Reproduce the material that follows, keeping every line exactly as it is.
:::::
(* In the situation of a directed cycle $a_1\to b_1\to\cdots\to a_p\to b_p\to a_{p+1}=a_1$ in $\Gamma^M$ as described in the context, assume in addition that $M$ is the prefix matching generated by a diagonal matching rule $F$. Then $d_i=c_i+1$ for all $i$.
   Context: $G$ is a finite simple connected graph with distance $d$; $\ell(x_0,\dots,x_k)=\sum_{i=0}^{k-1}d(x_i,x_{i+1})$; sequences are elements of $I_{k,l}(G)=\{(x_0,\dots,x_k)\in V(G)^{k+1}:x_i\ne x_{i+1}\ \forall i,\ \ell=l\}$. $\Gamma$ is the directed graph on sequences with an edge $a\to b$ whenever $b$ is obtained from $a=(x_0,\dots,x_k)$ by deleting some $x_i$, $1\le i\le k-1$, with $\ell(b)=\ell(a)$. A matching is a set of pairwise vertex-disjoint edges of $\Gamma$; $\Gamma^M$ is $\Gamma$ with edges of $M$ reversed. Matching states: "unmatched", "insert$(i,v)$" (matched to $(x_0,\dots,x_i,v,x_{i+1},\dots,x_k)$), "delete$(i)$" (matched to $(x_0,\dots,\hat x_i,\dots,x_k)$). A prefix matching: whenever $(x_0,\dots,x_k)$ has state insert$(i,v)$ (resp. delete$(i)$), every sequence $(x_0,\dots,x_{i+1},y_{i+2},\dots,y_{k'})$ has the same state. A matching rule is a function $F$ from sequences to $\{\epsilon\}\cup\{\iota(v):v\in V(G)\}\cup\{\delta\}$; a prefix matching $M$ is generated by $F$ if for every sequence $(x_0,\dots,x_k)$, $k\ge1$, with unmatched prefix $(x_0,\dots,x_{k-1})$, its state is insert$(k-1,v)$ iff $F(x_0,\dots,x_k)=\iota(v)$ and delete$(k-1)$ iff $F(x_0,\dots,x_k)=\delta$. $F$ is valid if (1) $F(x_0,\dots,x_k)=\iota(v)$ implies $v\notin\{x_{k-1},x_k\}$, $d(x_{k-1},v)+d(v,x_k)=d(x_{k-1},x_k)$, $F(x_0,\dots,x_{k-1},v)=\epsilon$, $F(x_0,\dots,x_{k-1},v,x_k)=\delta$; (2) $F(x_0,\dots,x_k)=\delta$ implies $d(x_{k-2},x_{k-1})+d(x_{k-1},x_k)=d(x_{k-2},x_k)$ and $F(x_0,\dots,x_{k-2},x_k)=\iota(x_{k-1})$. A valid $F$ is diagonal if, w.r.t. the prefix matching it generates, $F(x_0,\dots,x_k)\ne\epsilon$ for every sequence with unmatched prefix and $d(x_{k-1},x_k)\ge2$. Cycle setting: $a_i\in I_{k,l}(G)$, $b_i\in I_{k-1,l}(G)$, each $a_i\to b_i$ is an edge of $\Gamma$ not in $M$, each $b_i\to a_{i+1}$ is a reversed edge of $M$; $d_i$ is the position of the entry of $a_i$ deleted to obtain $b_i$; $a_{i+1}=(b_{i,0},\dots,b_{i,c_i},u_i,b_{i,c_i+1},\dots,b_{i,k-1})$ where $b_i=(b_{i,0},\dots,b_{i,k-1})$; indices $i$ are taken modulo $p$. *)

theory Defs
  imports Main
begin

definition simple_graph :: "'v set \<Rightarrow> ('v \<Rightarrow> 'v \<Rightarrow> bool) \<Rightarrow> bool" where
  "simple_graph V E \<longleftrightarrow> finite V \<and> (\<forall>x y. E x y \<longrightarrow> x \<in> V \<and> y \<in> V)
     \<and> (\<forall>x y. E x y \<longrightarrow> E y x) \<and> (\<forall>x. \<not> E x x)"

definition is_walk :: "('v \<Rightarrow> 'v \<Rightarrow> bool) \<Rightarrow> 'v list \<Rightarrow> bool" where
  "is_walk E xs \<longleftrightarrow> xs \<noteq> [] \<and> (\<forall>i. Suc i < length xs \<longrightarrow> E (xs ! i) (xs ! Suc i))"

definition connected_graph :: "'v set \<Rightarrow> ('v \<Rightarrow> 'v \<Rightarrow> bool) \<Rightarrow> bool" where
  "connected_graph V E \<longleftrightarrow> V \<noteq> {} \<and>
     (\<forall>x\<in>V. \<forall>y\<in>V. \<exists>xs. is_walk E xs \<and> hd xs = x \<and> last xs = y)"

definition gdist :: "('v \<Rightarrow> 'v \<Rightarrow> bool) \<Rightarrow> 'v \<Rightarrow> 'v \<Rightarrow> nat" where
  "gdist E x y = (LEAST n. \<exists>xs. is_walk E xs \<and> hd xs = x \<and> last xs = y \<and> length xs = Suc n)"

text \<open>A sequence (x_0,...,x_k) is the list [x_0,...,x_k]; its length is k+1.\<close>
definition seq_len :: "('v \<Rightarrow> 'v \<Rightarrow> bool) \<Rightarrow> 'v list \<Rightarrow> nat" where
  "seq_len E xs = (\<Sum>i<length xs - 1. gdist E (xs ! i) (xs ! Suc i))"

definition is_seq :: "'v set \<Rightarrow> 'v list \<Rightarrow> bool" where
  "is_seq V xs \<longleftrightarrow> xs \<noteq> [] \<and> set xs \<subseteq> V \<and> (\<forall>i. Suc i < length xs \<longrightarrow> xs ! i \<noteq> xs ! Suc i)"

definition I_kl :: "'v set \<Rightarrow> ('v \<Rightarrow> 'v \<Rightarrow> bool) \<Rightarrow> nat \<Rightarrow> nat \<Rightarrow> 'v list set" where
  "I_kl V E k l = {xs. is_seq V xs \<and> length xs = Suc k \<and> seq_len E xs = l}"

definition del_at :: "nat \<Rightarrow> 'v list \<Rightarrow> 'v list" where
  "del_at i xs = take i xs @ drop (Suc i) xs"

definition ins_after :: "nat \<Rightarrow> 'v \<Rightarrow> 'v list \<Rightarrow> 'v list" where
  "ins_after i v xs = take (Suc i) xs @ v # drop (Suc i) xs"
:::::
Output of the task.
(* In the situation of a directed cycle $a_1\to b_1\to\cdots\to a_p\to b_p\to a_{p+1}=a_1$ in $\Gamma^M$ as described in the context, assume in addition that $M$ is the prefix matching generated by a diagonal matching rule $F$. Then $d_i=c_i+1$ for all $i$.
   Context: $G$ is a finite simple connected graph with distance $d$; $\ell(x_0,\dots,x_k)=\sum_{i=0}^{k-1}d(x_i,x_{i+1})$; sequences are elements of $I_{k,l}(G)=\{(x_0,\dots,x_k)\in V(G)^{k+1}:x_i\ne x_{i+1}\ \forall i,\ \ell=l\}$. $\Gamma$ is the directed graph on sequences with an edge $a\to b$ whenever $b$ is obtained from $a=(x_0,\dots,x_k)$ by deleting some $x_i$, $1\le i\le k-1$, with $\ell(b)=\ell(a)$. A matching is a set of pairwise vertex-disjoint edges of $\Gamma$; $\Gamma^M$ is $\Gamma$ with edges of $M$ reversed. Matching states: "unmatched", "insert$(i,v)$" (matched to $(x_0,\dots,x_i,v,x_{i+1},\dots,x_k)$), "delete$(i)$" (matched to $(x_0,\dots,\hat x_i,\dots,x_k)$). A prefix matching: whenever $(x_0,\dots,x_k)$ has state insert$(i,v)$ (resp. delete$(i)$), every sequence $(x_0,\dots,x_{i+1},y_{i+2},\dots,y_{k'})$ has the same state. A matching rule is a function $F$ from sequences to $\{\epsilon\}\cup\{\iota(v):v\in V(G)\}\cup\{\delta\}$; a prefix matching $M$ is generated by $F$ if for every sequence $(x_0,\dots,x_k)$, $k\ge1$, with unmatched prefix $(x_0,\dots,x_{k-1})$, its state is insert$(k-1,v)$ iff $F(x_0,\dots,x_k)=\iota(v)$ and delete$(k-1)$ iff $F(x_0,\dots,x_k)=\delta$. $F$ is valid if (1) $F(x_0,\dots,x_k)=\iota(v)$ implies $v\notin\{x_{k-1},x_k\}$, $d(x_{k-1},v)+d(v,x_k)=d(x_{k-1},x_k)$, $F(x_0,\dots,x_{k-1},v)=\epsilon$, $F(x_0,\dots,x_{k-1},v,x_k)=\delta$; (2) $F(x_0,\dots,x_k)=\delta$ implies $d(x_{k-2},x_{k-1})+d(x_{k-1},x_k)=d(x_{k-2},x_k)$ and $F(x_0,\dots,x_{k-2},x_k)=\iota(x_{k-1})$. A valid $F$ is diagonal if, w.r.t. the prefix matching it generates, $F(x_0,\dots,x_k)\ne\epsilon$ for every sequence with unmatched prefix and $d(x_{k-1},x_k)\ge2$. Cycle setting: $a_i\in I_{k,l}(G)$, $b_i\in I_{k-1,l}(G)$, each $a_i\to b_i$ is an edge of $\Gamma$ not in $M$, each $b_i\to a_{i+1}$ is a reversed edge of $M$; $d_i$ is the position of the entry of $a_i$ deleted to obtain $b_i$; $a_{i+1}=(b_{i,0},\dots,b_{i,c_i},u_i,b_{i,c_i+1},\dots,b_{i,k-1})$ where $b_i=(b_{i,0},\dots,b_{i,k-1})$; indices $i$ are taken modulo $p$. *)

theory Defs
  imports Main
begin

definition simple_graph :: "'v set \<Rightarrow> ('v \<Rightarrow> 'v \<Rightarrow> bool) \<Rightarrow> bool" where
  "simple_graph V E \<longleftrightarrow> finite V \<and> (\<forall>x y. E x y \<longrightarrow> x \<in> V \<and> y \<in> V)
     \<and> (\<forall>x y. E x y \<longrightarrow> E y x) \<and> (\<forall>x. \<not> E x x)"

definition is_walk :: "('v \<Rightarrow> 'v \<Rightarrow> bool) \<Rightarrow> 'v list \<Rightarrow> bool" where
  "is_walk E xs \<longleftrightarrow> xs \<noteq> [] \<and> (\<forall>i. Suc i < length xs \<longrightarrow> E (xs ! i) (xs ! Suc i))"

definition connected_graph :: "'v set \<Rightarrow> ('v \<Rightarrow> 'v \<Rightarrow> bool) \<Rightarrow> bool" where
  "connected_graph V E \<longleftrightarrow> V \<noteq> {} \<and>
     (\<forall>x\<in>V. \<forall>y\<in>V. \<exists>xs. is_walk E xs \<and> hd xs = x \<and> last xs = y)"

definition gdist :: "('v \<Rightarrow> 'v \<Rightarrow> bool) \<Rightarrow> 'v \<Rightarrow> 'v \<Rightarrow> nat" where
  "gdist E x y = (LEAST n. \<exists>xs. is_walk E xs \<and> hd xs = x \<and> last xs = y \<and> length xs = Suc n)"

text \<open>A sequence (x_0,...,x_k) is the list [x_0,...,x_k]; its length is k+1.\<close>
definition seq_len :: "('v \<Rightarrow> 'v \<Rightarrow> bool) \<Rightarrow> 'v list \<Rightarrow> nat" where
  "seq_len E xs = (\<Sum>i<length xs - 1. gdist E (xs ! i) (xs ! Suc i))"

definition is_seq :: "'v set \<Rightarrow> 'v list \<Rightarrow> bool" where
  "is_seq V xs \<longleftrightarrow> xs \<noteq> [] \<and> set xs \<subseteq> V \<and> (\<forall>i. Suc i < length xs \<longrightarrow> xs ! i \<noteq> xs ! Suc i)"

definition I_kl :: "'v set \<Rightarrow> ('v \<Rightarrow> 'v \<Rightarrow> bool) \<Rightarrow> nat \<Rightarrow> nat \<Rightarrow> 'v list set" where
  "I_kl V E k l = {xs. is_seq V xs \<and> length xs = Suc k \<and> seq_len E xs = l}"

definition del_at :: "nat \<Rightarrow> 'v list \<Rightarrow> 'v list" where
  "del_at i xs = take i xs @ drop (Suc i) xs"

definition ins_after :: "nat \<Rightarrow> 'v \<Rightarrow> 'v list \<Rightarrow> 'v list" where
  "ins_after i v xs = take (Suc i) xs @ v # drop (Suc i) xs"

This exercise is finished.